Somehow, I relate to history as a tool to understand the value of a site, but never as an end. This year, we won the competition for the restructuration of the Chateau de Versailles Dufour's pavilion. Two years ago, the renovation of Dobrée's archaeological museum in Nantes. Those sites have both a very high historical value. In my work, I certainly took into account this historical reality, but I used the existing situation as a material to create new situations.
I would say that my attitude towards history is not heretical, I simply take distance from too historicist and conservative discourses.
NH Fieramilano hotel, Milan. Photo by © Andre Morin
NH Fieramilano hotel, Milan. Photo by © Andre Morin
You often oppose Geography to History. Why?
I don't oppose geography to history. It is rather a question of method, of priority. I don't deny the historical reality of architecture to promote the geographical one.
As an architect, and despite the classical architectural education I received, my work aims to build architecture upon geography. I consider geography, that is to say territories' characteristics and specificities, with their topography, their altimetry, and their surrounding elements revealing the territories' inner being as the true materials of architecture. I use the context as a material, just as concrete, glass or metal.

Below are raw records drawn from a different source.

(*
  Let M = p^(s+1). The pairs (e, c) with c = 1 mod p form the affine group x \<mapsto> e + c x of Z/MZ,
  which acts on F_p[X]/(X^n) by w \<mapsto> (1 + X)^e w((1 + X)^c - 1). In the basis X^(n-1), ..., 1 this
  action is upper unitriangular, and because (1 + X)^(p^j) = 1 + X^(p^j) mod p, the unit 1 + X has
  order exactly p^(s+1) there when p^s < n <= p^(s+1); so an affine map acts trivially only if its
  translation part e is 0. In each of the four cases c = 1 mod p, and a nontrivial element (tau, a)
  of U \<rtimes> V (or tau of U) has a nonzero translation part under one of the continuous homomorphisms
  (tau, a) \<mapsto> (a, 1) or (tau, a) \<mapsto> (tau_i, c^a) to the affine group.
*)

definition cong_trunc :: "nat \<Rightarrow> int \<Rightarrow> int poly \<Rightarrow> int poly \<Rightarrow> bool" where
  "cong_trunc n P a b \<longleftrightarrow> (\<forall>i<n. [coeff a i = coeff b i] (mod P))"

lemma cong_trunc_refl [simp]: "cong_trunc n P a a"
  by (simp add: cong_trunc_def)

lemma cong_trunc_sym: "cong_trunc n P a b \<Longrightarrow> cong_trunc n P b a"
  by (simp add: cong_trunc_def cong_sym)

lemma cong_trunc_trans: "cong_trunc n P a b \<Longrightarrow> cong_trunc n P b c \<Longrightarrow> cong_trunc n P a c"
  unfolding cong_trunc_def using cong_trans by blast

lemma cong_trunc_diff:
  "cong_trunc n P a b \<Longrightarrow> cong_trunc n P c d \<Longrightarrow> cong_trunc n P (a - c) (b - d)"
  by (simp add: cong_trunc_def cong_diff)

lemma cong_trunc_add:
  "cong_trunc n P a b \<Longrightarrow> cong_trunc n P c d \<Longrightarrow> cong_trunc n P (a + c) (b + d)"
  by (simp add: cong_trunc_def cong_add)

lemma cong_trunc_mult:
  assumes "cong_trunc n P a b" "cong_trunc n P c d"
  shows "cong_trunc n P (a * c) (b * d)"
  unfolding cong_trunc_def coeff_mult
proof (intro allI impI cong_sum cong_mult)
  fix i j assume "i < n" "j \<in> {..i}"
  then show "[coeff a j = coeff b j] (mod P)" "[coeff c (i - j) = coeff d (i - j)] (mod P)"
    using assms by (auto simp: cong_trunc_def)
qed

lemma cong_trunc_power: "cong_trunc n P a b \<Longrightarrow> cong_trunc n P (a ^ k) (b ^ k)"
  by (induction k) (auto intro: cong_trunc_mult)

lemma cong_trunc_pcompose_zero:
  assumes "coeff q 0 = 0" "cong_trunc n P d 0"
  shows "cong_trunc n P (pcompose d q) 0"
  using assms(2)
proof (induction d arbitrary: n)
  case (pCons e d)
  obtain q' where q: "q = pCons 0 q'"
    using assms(1) by (metis pCons_cases coeff_pCons_0)
  show ?case
  proof (cases n)
    case (Suc n')
    have "[e = 0] (mod P)"
      using pCons.prems by (auto simp: Suc cong_trunc_def dest: spec[of _ 0])
    moreover have "cong_trunc n' P d 0"
      using pCons.prems by (auto simp: Suc cong_trunc_def dest: spec[of _ "Suc _"])
    then have "cong_trunc n' P (q' * pcompose d q) (q' * 0)"
      by (intro cong_trunc_mult pCons.IH) simp_all
    ultimately show ?thesis
      by (auto simp: Suc cong_trunc_def pcompose_pCons q less_Suc_eq_0_disj)
  qed (simp add: cong_trunc_def)
qed simp

lemma cong_trunc_pcompose_left:
  assumes "coeff q 0 = 0" "cong_trunc n P a b"
  shows "cong_trunc n P (pcompose a q) (pcompose b q)"
proof -
  have "cong_trunc n P (a - b) 0"
    using assms(2) by (simp add: cong_trunc_def cong_iff_dvd_diff)
  then have "cong_trunc n P (pcompose (a - b) q) 0"
    by (rule cong_trunc_pcompose_zero[OF assms(1)])
  then show ?thesis
    by (simp add: cong_trunc_def cong_iff_dvd_diff pcompose_diff)
qed

lemma cong_trunc_pcompose_right:
  "cong_trunc n P q q' \<Longrightarrow> cong_trunc n P (pcompose a q) (pcompose a q')"
  by (induction a) (simp_all add: pcompose_pCons cong_trunc_add cong_trunc_mult)

lemma prime_dvd_prime_power_choose:
  assumes "prime p" "0 < i" "i < p ^ j"
  shows "p dvd (p ^ j choose i)"
proof (rule ccontr)
  assume "\<not> p dvd (p ^ j choose i)"
  then have "coprime (p ^ j) (p ^ j choose i)"
    using assms(1) by (simp add: prime_imp_coprime)
  moreover have "p ^ j dvd i * (p ^ j choose i)"
    using times_binomial_minus1_eq[OF assms(2), of "p ^ j"] by simp
  ultimately have "p ^ j dvd i"
    by (simp add: coprime_dvd_mult_left_iff)
  then show False
    using assms(2,3) by (simp add: nat_dvd_not_less)
qed

abbreviation one_plus_X :: "int poly" where
  "one_plus_X \<equiv> [:1, 1:]"

lemma coeff_one_plus_X_power: "coeff (one_plus_X ^ m) i = int (m choose i)"
proof (cases "i \<le> m")
  case False
  then have "degree (one_plus_X ^ m) < i"
    by (simp add: degree_power_eq)
  then show ?thesis
    using False by (simp add: coeff_eq_0)
qed (simp add: coeff_linear_poly_power)

lemma one_plus_X_prime_power_cong:
  assumes "prime p"
  shows "cong_trunc n (int p) (one_plus_X ^ p ^ j) (1 + monom 1 (p ^ j))"
  unfolding cong_trunc_def
proof (intro allI impI)
  fix i
  have "0 < p ^ j"
    using assms by (simp add: prime_gt_0_nat)
  consider "i = 0" | "i = p ^ j" | "0 < i" "i < p ^ j" | "p ^ j < i"
    by linarith
  then have "[int (p ^ j choose i) = coeff (1 + monom 1 (p ^ j)) i] (mod int p)"
  proof cases
    case 3
    then show ?thesis
      using prime_dvd_prime_power_choose[OF assms 3] by (simp add: coeff_monom cong_0_iff)
  qed (use \<open>0 < p ^ j\<close> in \<open>simp_all add: coeff_monom binomial_eq_0\<close>)
  then show "[coeff (one_plus_X ^ p ^ j) i = coeff (1 + monom 1 (p ^ j)) i] (mod int p)"
    by (simp only: coeff_one_plus_X_power)
qed

lemma coeff_one_plus_monom_power:
  assumes "0 < m"
  shows "coeff ((1 + monom 1 m) ^ u) m = int u"
proof (induction u)
  case (Suc u)
  let ?q = "1 + monom 1 m :: int poly"
  have "coeff (?q ^ u) 0 = 1"
    using assms by (simp add: coeff_0_power)
  then have "coeff (monom 1 m * ?q ^ u) m = 1"
    by (simp add: coeff_monom_mult)
  moreover have "coeff (?q ^ Suc u) m = coeff (?q ^ u) m + coeff (monom 1 m * ?q ^ u) m"
    by (simp only: power_Suc distrib_right coeff_add mult_1)
  ultimately show ?case
    unfolding of_nat_Suc using Suc.IH by linarith
qed (use assms in simp)

lemma one_plus_X_power_cong_one:
  assumes "prime p" "n \<le> p ^ k"
  shows "cong_trunc n (int p) (one_plus_X ^ p ^ k) 1"
proof -
  have "cong_trunc n (int p) (1 + monom 1 (p ^ k)) 1"
    using assms(2) by (simp add: cong_trunc_def coeff_monom)
  then show ?thesis
    using one_plus_X_prime_power_cong[OF assms(1)] cong_trunc_trans by blast
qed

lemma one_plus_X_power_cong_mod:
  assumes "cong_trunc n P (one_plus_X ^ m) 1" "e mod m = e' mod m"
  shows "cong_trunc n P (one_plus_X ^ e) (one_plus_X ^ e')"
proof -
  have reduce: "cong_trunc n P (one_plus_X ^ e) (one_plus_X ^ (e mod m))" for e
  proof -
    have "one_plus_X ^ e = (one_plus_X ^ m) ^ (e div m) * one_plus_X ^ (e mod m)"
      by (simp flip: power_mult power_add)
    moreover have "cong_trunc n P ((one_plus_X ^ m) ^ (e div m) * one_plus_X ^ (e mod m))
        (1 ^ (e div m) * one_plus_X ^ (e mod m))"
      by (intro cong_trunc_mult cong_trunc_power assms(1) cong_trunc_refl)
    ultimately show ?thesis
      by simp
  qed
  have "cong_trunc n P (one_plus_X ^ (e mod m)) (one_plus_X ^ e')"
    using cong_trunc_sym[OF reduce[of e']] assms(2) by simp
  then show ?thesis
    using cong_trunc_trans[OF reduce[of e]] by blast
qed

lemma one_plus_X_power_not_cong_one:
  assumes "prime p" "p ^ s < n" "0 < e" "e < p ^ Suc s"
  shows "\<not> cong_trunc n (int p) (one_plus_X ^ e) 1"
proof
  (* With e = p^j u and p not dividing u, (1 + X)^e = (1 + X^(p^j))^u mod p, whose coefficient
     of X^(p^j) is u. *)
  assume cong: "cong_trunc n (int p) (one_plus_X ^ e) 1"
  define j where "j = multiplicity p e"
  have "p \<noteq> 1"
    using assms(1) by auto
  then obtain u where e: "e = p ^ j * u" and u: "\<not> p dvd u"
    using multiplicity_decompose'[of e p] assms(3) unfolding j_def by auto
  have "p ^ j \<le> e"
    using e assms(3) by (intro dvd_imp_le) simp_all
  then have "p ^ j < p ^ Suc s"
    using assms(4) by linarith
  then have "j < Suc s"
    using assms(1) by (metis power_less_imp_less_exp prime_gt_1_nat)
  then have "p ^ j \<le> p ^ s"
    using assms(1) by (intro power_increasing) (simp_all add: prime_gt_0_nat Suc_le_eq)
  then have j: "0 < p ^ j" "p ^ j < n"
    using assms(1,2) by (simp_all add: prime_gt_0_nat)
  have "cong_trunc n (int p) (one_plus_X ^ e) ((1 + monom 1 (p ^ j)) ^ u)"
    unfolding e power_mult by (intro cong_trunc_power one_plus_X_prime_power_cong assms(1))
  then have "cong_trunc n (int p) ((1 + monom 1 (p ^ j)) ^ u) 1"
    using cong_trunc_trans[OF cong_trunc_sym cong] by blast
  then have "[coeff ((1 + monom 1 (p ^ j)) ^ u) (p ^ j) = coeff 1 (p ^ j)] (mod int p)"
    using j(2) unfolding cong_trunc_def by blast
  moreover have "coeff (1 :: int poly) (p ^ j) = 0"
    using j(1) by simp
  ultimately have "int p dvd int u"
    by (simp only: coeff_one_plus_monom_power[OF j(1)] cong_0_iff)
  then show False
    using u by (simp only: int_dvd_int_iff)
qed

Although it is very possible to analyze a site from an historical point of view, perceiving the dialectic mediations of its history, integrating upcoming buildings into a linear process, I honestly believe that geographic perspectives are stronger than historical ones. Truth and evidence of the territory are more relevant to architecture than history. The historical approach is far from the context reality, it is an intellectual approach whose method does not give keys to grasp the current complexity of territories.

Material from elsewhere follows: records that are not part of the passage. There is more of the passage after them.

lemma sum_cube_add:
  "(\<Sum>W\<in>cube n (a + b). f W) = (\<Sum>Y\<in>cube n a. \<Sum>Z\<in>cube n b. f (Y @ Z))"
proof -
  have "(\<Sum>W\<in>cube n (a + b). f W) = (\<Sum>(Y, Z)\<in>cube n a \<times> cube n b. f (Y @ Z))"
    by (rule sum.reindex_bij_witness[where i="\<lambda>(Y, Z). Y @ Z" and j="\<lambda>W. (take a W, drop a W)"])
       (auto simp: cube_def dest: in_set_takeD in_set_dropD)
  then show ?thesis by (simp add: sum.cartesian_product)
qed

lemma sum_cube_take:
  assumes "i \<le> l"
  shows "(\<Sum>X\<in>cube n l. f (take i X)) = real (n ^ (l - i)) * (\<Sum>Y\<in>cube n i. f Y)"
proof -
  have "(\<Sum>X\<in>cube n l. f (take i X)) = (\<Sum>Y\<in>cube n i. \<Sum>Z\<in>cube n (l - i). f (take i (Y @ Z)))"
    using sum_cube_add[where a=i and b="l - i" and f="\<lambda>X. f (take i X)"] assms by simp
  also have "\<dots> = (\<Sum>Y\<in>cube n i. real (n ^ (l - i)) * f Y)"
    by (intro sum.cong refl) (simp add: length_of_cube card_cube)
  finally show ?thesis by (simp add: sum_distrib_left)
qed

lemma permute_list_in_cube: "\<sigma> permutes {..<l} \<Longrightarrow> X \<in> cube n l \<Longrightarrow> permute_list \<sigma> X \<in> cube n l"
  unfolding cube_def by auto

lemma sum_cube_permute_list:
  assumes \<sigma>: "\<sigma> permutes {..<l}"
  shows "(\<Sum>X\<in>cube n l. f (permute_list \<sigma> X)) = (\<Sum>X\<in>cube n l. f X)"
proof -
  have inv: "inv \<sigma> permutes {..<l}" using \<sigma> by (rule permutes_inv)
  have cancel: "permute_list \<tau> (permute_list \<rho> X) = X"
    if "\<rho> permutes {..<l}" "\<tau> permutes {..<l}" "\<rho> \<circ> \<tau> = id" "X \<in> cube n l" for \<rho> \<tau> X
    using that by (simp add: permute_list_compose[symmetric] length_of_cube)
  show ?thesis
    by (rule sum.reindex_bij_witness[where i="permute_list (inv \<sigma>)" and j="permute_list \<sigma>"])
       (use \<sigma> inv in \<open>auto simp: cancel permutes_inv_o permute_list_in_cube\<close>)
qed

section \<open>Degree-2 certificates\<close>

definition affine_form :: "nat \<Rightarrow> nat \<Rightarrow> ((nat list \<Rightarrow> real) \<Rightarrow> real) \<Rightarrow> bool" where
  "affine_form n l f \<longleftrightarrow> (\<exists>c0 c. \<forall>G. f G = c0 + (\<Sum>X\<in>cube n l. c X * G X))"

lemma affine_form_const: "affine_form n l (\<lambda>G. a)"
  unfolding affine_form_def by (intro exI[of _ a] exI[of _ "\<lambda>_. 0"]) simp

lemma affine_form_var:
  assumes "X \<in> cube n l"
  shows "affine_form n l (\<lambda>G. G X)"
  unfolding affine_form_def
proof (intro exI allI)
  fix G :: "nat list \<Rightarrow> real"
  have "(\<Sum>Y\<in>cube n l. of_bool (Y = X) * G Y) = (\<Sum>Y\<in>cube n l. if Y = X then G X else 0)"
    by (rule sum.cong) auto
  also have "\<dots> = G X" using assms by simp
  finally show "G X = 0 + (\<Sum>Y\<in>cube n l. of_bool (Y = X) * G Y)" by simp
qed

lemma affine_form_add:
  assumes "affine_form n l f" "affine_form n l g"
  shows "affine_form n l (\<lambda>G. f G + g G)"
proof -
  from assms obtain a0 a b0 b where
    "\<forall>G. f G = a0 + (\<Sum>X\<in>cube n l. a X * G X)" "\<forall>G. g G = b0 + (\<Sum>X\<in>cube n l. b X * G X)"
    unfolding affine_form_def by blast
  then show ?thesis unfolding affine_form_def
    by (intro exI[of _ "a0 + b0"] exI[of _ "\<lambda>X. a X + b X"]) (simp add: distrib_right sum.distrib)
qed

lemma affine_form_mult:
  assumes "affine_form n l f"
  shows "affine_form n l (\<lambda>G. r * f G)"
proof -
  from assms obtain a0 a where "\<forall>G. f G = a0 + (\<Sum>X\<in>cube n l. a X * G X)"
    unfolding affine_form_def by blast
  then show ?thesis unfolding affine_form_def
    by (intro exI[of _ "r * a0"] exI[of _ "\<lambda>X. r * a X"])
       (simp add: distrib_left sum_distrib_left mult.assoc)
qed

lemma affine_form_divide: "affine_form n l f \<Longrightarrow> affine_form n l (\<lambda>G. f G / r)"
  using affine_form_mult[of n l f "1 / r"] by simp

lemma affine_form_uminus: "affine_form n l f \<Longrightarrow> affine_form n l (\<lambda>G. - f G)"
  using affine_form_mult[of n l f "- 1"] by simp

lemma affine_form_diff:
  "affine_form n l f \<Longrightarrow> affine_form n l g \<Longrightarrow> affine_form n l (\<lambda>G. f G - g G)"
  using affine_form_add[OF _ affine_form_uminus, of n l f g] by simp

lemma affine_form_sum:
  "finite A \<Longrightarrow> (\<And>a. a \<in> A \<Longrightarrow> affine_form n l (f a)) \<Longrightarrow> affine_form n l (\<lambda>G. \<Sum>a\<in>A. f a G)"
  by (induction A rule: finite_induct) (auto intro: affine_form_const affine_form_add)

definition sum_squares_part ::
    "nat \<Rightarrow> nat \<Rightarrow> nat \<Rightarrow> (nat \<Rightarrow> real) \<Rightarrow> (nat \<Rightarrow> nat list \<Rightarrow> real) \<Rightarrow> (nat list \<Rightarrow> real) \<Rightarrow> real" where
  "sum_squares_part n l m c0 c G = (\<Sum>k<m. (c0 k + (\<Sum>X\<in>cube n l. c k X * G X))\<^sup>2)"

definition inv_ideal_part ::
    "nat \<Rightarrow> nat \<Rightarrow> (nat list \<Rightarrow> (nat \<Rightarrow> nat) \<Rightarrow> real) \<Rightarrow> (nat list \<Rightarrow> (nat \<Rightarrow> nat) \<Rightarrow> nat list \<Rightarrow> real)
       \<Rightarrow> (nat list \<Rightarrow> real) \<Rightarrow> real" where
  "inv_ideal_part n l a0 a G = (\<Sum>X\<in>cube n l. \<Sum>\<sigma>\<in>{\<sigma>. \<sigma> permutes {..<l}}.
      (a0 X \<sigma> + (\<Sum>Y\<in>cube n l. a X \<sigma> Y * G Y)) * (G X - G (permute_list \<sigma> X)))"

lemma sos2_inv_iff:
  "sos2_inv n l P \<longleftrightarrow>
     (\<exists>m c0 c a0 a. P = (\<lambda>G. sum_squares_part n l m c0 c G + inv_ideal_part n l a0 a G))"
  unfolding sos2_inv_def sum_squares_part_def inv_ideal_part_def by (simp add: fun_eq_iff)

lemma sos2_inv_cong: "sos2_inv n l Q \<Longrightarrow> (\<And>G. P G = Q G) \<Longrightarrow> sos2_inv n l P"
  by (metis ext)

lemma sos2_inv_nonneg:
  assumes "sos2_inv n l P" "perm_invariant n l F"
  shows "P F \<ge> 0"
proof -
  from assms(1) obtain m c0 c a0 a
    where P: "P = (\<lambda>G. sum_squares_part n l m c0 c G + inv_ideal_part n l a0 a G)"
    unfolding sos2_inv_iff by blast
  have "inv_ideal_part n l a0 a F = 0"
    using assms(2) unfolding perm_invariant_def inv_ideal_part_def by (intro sum.neutral ballI) auto
  then show ?thesis by (simp add: P sum_squares_part_def sum_nonneg)
qed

I would understand and analyze territories through the physical relations of architecture elements.
I would say that my attitude towards history is not heretical, I simply take distance from too historicist and conservative discourses
Olympic Tennis Center, Madrid. Photo by © Georges Fessy
Olympic Tennis Center, Madrid. Photo by © Georges Fessy
Landscape, transparency and flexibility are recurring themes in your work. Please tell us more about them.

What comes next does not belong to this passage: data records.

(* Let $q$ be a prime power, $s,\ell$ positive integers, $\alpha,\beta\in\mathbb{F}_q^*$, $r$ the multiplicative order of $\beta$, and assume $q\equiv 1\pmod{r\ell}$. Let $\omega\in\mathbb{F}_q$ be a primitive $r\ell$-th root of unity with $\omega^\ell=\beta$, and $\eta_k(y)=\prod_{j\ne k,\,0\le j\le \ell-1}\frac{y-\omega^{1+jr}}{\omega^{1+kr}-\omega^{1+jr}}$ for $0\le k\le\ell-1$. Let $\mathcal{C}$ be an ideal (two-dimensional $(\alpha,\beta)$-constacyclic code) of $\mathcal{R}=\mathbb{F}_q[x,y]/\langle x^s-\alpha,y^\ell-\beta\rangle$, let $p_j(x)$ be the monic divisor of $x^s-\alpha$ generating the ideal $I_j=\{f(x)\in\mathbb{F}_q[x]/\langle x^s-\alpha\rangle:\eta_j(y)f(x)\in\mathcal{C}\}$, and $a_j=\deg p_j(x)$. Then $\dim_{\mathbb{F}_q}\mathcal{C}=s\ell-a_0-a_1-\cdots-a_{\ell-1}$.
   Context: Elements of $\mathcal{R}$ are identified with $s\times\ell$ arrays over $\mathbb{F}_q$ via their coefficients of $x^iy^j$, $0\le i\le s-1$, $0\le j\le\ell-1$. *)

theory Defs
  imports "HOL-Computational_Algebra.Polynomial" "HOL-Library.Function_Algebras"
begin

text \<open>Elements of R = F_q[x,y]/(x^s - alpha, y^l - beta) are s x l arrays:
  functions nat => nat => 'a vanishing outside {0..<s} x {0..<l};
  entry (i,j) is the coefficient of x^i y^j.\<close>

definition R_carrier :: "nat \<Rightarrow> nat \<Rightarrow> (nat \<Rightarrow> nat \<Rightarrow> 'a::zero) set" where
  "R_carrier s l = {f. \<forall>i j. (s \<le> i \<or> l \<le> j) \<longrightarrow> f i j = 0}"

text \<open>Multiplication in R, using x^s = alpha and y^l = beta.\<close>
definition rmult :: "nat \<Rightarrow> nat \<Rightarrow> 'a::field \<Rightarrow> 'a \<Rightarrow>
    (nat \<Rightarrow> nat \<Rightarrow> 'a) \<Rightarrow> (nat \<Rightarrow> nat \<Rightarrow> 'a) \<Rightarrow> (nat \<Rightarrow> nat \<Rightarrow> 'a)" where
  "rmult s l \<alpha> \<beta> f g = (\<lambda>i j. if i < s \<and> j < l then
     (\<Sum>i1<s. \<Sum>j1<l. \<Sum>i2<s. \<Sum>j2<l.
        (if (i1 + i2) mod s = i \<and> (j1 + j2) mod l = j
         then \<alpha> ^ ((i1 + i2) div s) * \<beta> ^ ((j1 + j2) div l) * f i1 j1 * g i2 j2
         else 0))
     else 0)"
lemma rdeg_le_of_one_sided_approx:
  assumes f: "\<forall>x\<in>cube n. f x \<in> {0, 1}" and \<epsilon>: "0 \<le> \<epsilon>" "\<epsilon> \<le> 1"
    and p: "poly_deg_le n d p" "one_sided_approx n \<epsilon> f p"
    and q: "poly_deg_le n d q" "one_sided_approx n \<epsilon> (\<lambda>x. 1 - f x) q"
  shows "rdeg n \<epsilon> f \<le> 2 * d"
proof -
  have "\<epsilon>\<^sup>2 \<le> \<epsilon>" using \<epsilon> by (simp add: power2_eq_square mult_left_le)
  have approx: "p x ^ 2 + q x ^ 2 \<noteq> 0 \<and> \<bar>f x - p x ^ 2 / (p x ^ 2 + q x ^ 2)\<bar> \<le> \<epsilon>"
    if "x \<in> cube n" for x
  proof (cases "f x = 0")
    case True
    then have "\<bar>p x\<bar> \<le> \<epsilon>" "1 \<le> \<bar>q x\<bar>"
      using p(2) q(2) that unfolding one_sided_approx_def by auto
    then show ?thesis
      using square_ratio_le[of "p x" \<epsilon> "q x"] \<open>\<epsilon>\<^sup>2 \<le> \<epsilon>\<close> True by auto
  next
    case False
    then have "f x = 1" using f that by auto
    then have "1 \<le> \<bar>p x\<bar>" "\<bar>q x\<bar> \<le> \<epsilon>"
      using p(2) q(2) that unfolding one_sided_approx_def by auto
    then have "p x ^ 2 + q x ^ 2 \<noteq> 0" by (auto simp: add_nonneg_eq_0_iff)
    then have "f x - p x ^ 2 / (p x ^ 2 + q x ^ 2) = q x ^ 2 / (q x ^ 2 + p x ^ 2)"
      using \<open>f x = 1\<close> by (simp add: field_simps)
    then show ?thesis
      using square_ratio_le[of "q x" \<epsilon> "p x"] \<open>\<bar>q x\<bar> \<le> \<epsilon>\<close> \<open>1 \<le> \<bar>p x\<bar>\<close> \<open>\<epsilon>\<^sup>2 \<le> \<epsilon>\<close>
        \<open>p x ^ 2 + q x ^ 2 \<noteq> 0\<close> by auto
  qed
  have "poly_deg_le n (2 * d) (\<lambda>x. p x ^ 2)" "poly_deg_le n (2 * d) (\<lambda>x. q x ^ 2)"
    using poly_deg_le_mult[OF p(1) p(1)] poly_deg_le_mult[OF q(1) q(1)]
    by (simp_all add: power2_eq_square mult_2)
  then have "poly_deg_le n (2 * d) (\<lambda>x. p x ^ 2)" "poly_deg_le n (2 * d) (\<lambda>x. p x ^ 2 + q x ^ 2)"
    by (auto intro: poly_deg_le_add)
  then show ?thesis
    unfolding rdeg_def using approx by (intro Least_le) blast
qed

theorem lemma3p5:
  fixes n :: nat and \<epsilon> :: real and f :: "(nat \<Rightarrow> real) \<Rightarrow> real"
  assumes "\<forall>x\<in>cube n. f x \<in> {0, 1}"
    and "0 < \<epsilon>" and "\<epsilon> < 1"
  shows "rdeg n \<epsilon> f \<le> 2 * max (Ndeg n \<epsilon> f) (Ndeg n \<epsilon> (\<lambda>x. 1 - f x))"
proof -
  let ?D = "max (Ndeg n \<epsilon> f) (Ndeg n \<epsilon> (\<lambda>x. 1 - f x))"
  obtain p where p: "poly_deg_le n (Ndeg n \<epsilon> f) p" "one_sided_approx n \<epsilon> f p"
    using Ndeg_attained assms(2) less_imp_le by blast
  obtain q where q: "poly_deg_le n (Ndeg n \<epsilon> (\<lambda>x. 1 - f x)) q"
      "one_sided_approx n \<epsilon> (\<lambda>x. 1 - f x) q"
    using Ndeg_attained assms(2) less_imp_le by blast
  have "poly_deg_le n ?D p" "poly_deg_le n ?D q"
    using p(1) q(1) by (auto elim: poly_deg_le_mono)
  then show ?thesis
    using rdeg_le_of_one_sided_approx assms p(2) q(2) by simp
qed

end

Architecture is something authoritative. Architects build, transform territories, change the environment from one to another. They have the power of getting rid of the past in order to draw the future.
When architecture comes to life, new volumes appear, modifying the landscape's pre-existing reality, erasing and creating views, shadows, changing the perception of the surrounding environment. It affects the whole human organization around. I think such a power entails great responsibilities.
As far as I am concerned, I try to minimize the authoritative aspect of construction in order to allow further situations. Sometimes when the context requires it, I make architecture disappear. I don't like walls so far. As a contemporary architect, I think it is necessary to create in-between space: in-between public and private, in-between interior and exterior, in-between culture and nature. I try to blur the limits of architecture and landscape. To materialize this unification, I make a specific use of materials to give architecture the physicality or the absence needed: void, vegetation, metal mesh, glass...
Court of Justice of the European Union, Luxembourg. Photo by © Georges Fessy
Court of Justice of the European Union, Luxembourg. Photo by © Georges Fessy
Speaking about the future, which international promising young architecture firm do you consider worth paying attention to?
Considering the current situation (environmental and economic crisis, demographic issues …) I am very sensitive to BIG's work. Their studio brings vitality and freshness in architecture by questioning forms and uses. With their own methodology, their studio is reinventing buildings' limits, in-between spaces. They bring architecture where it should go: beyond architecture itself.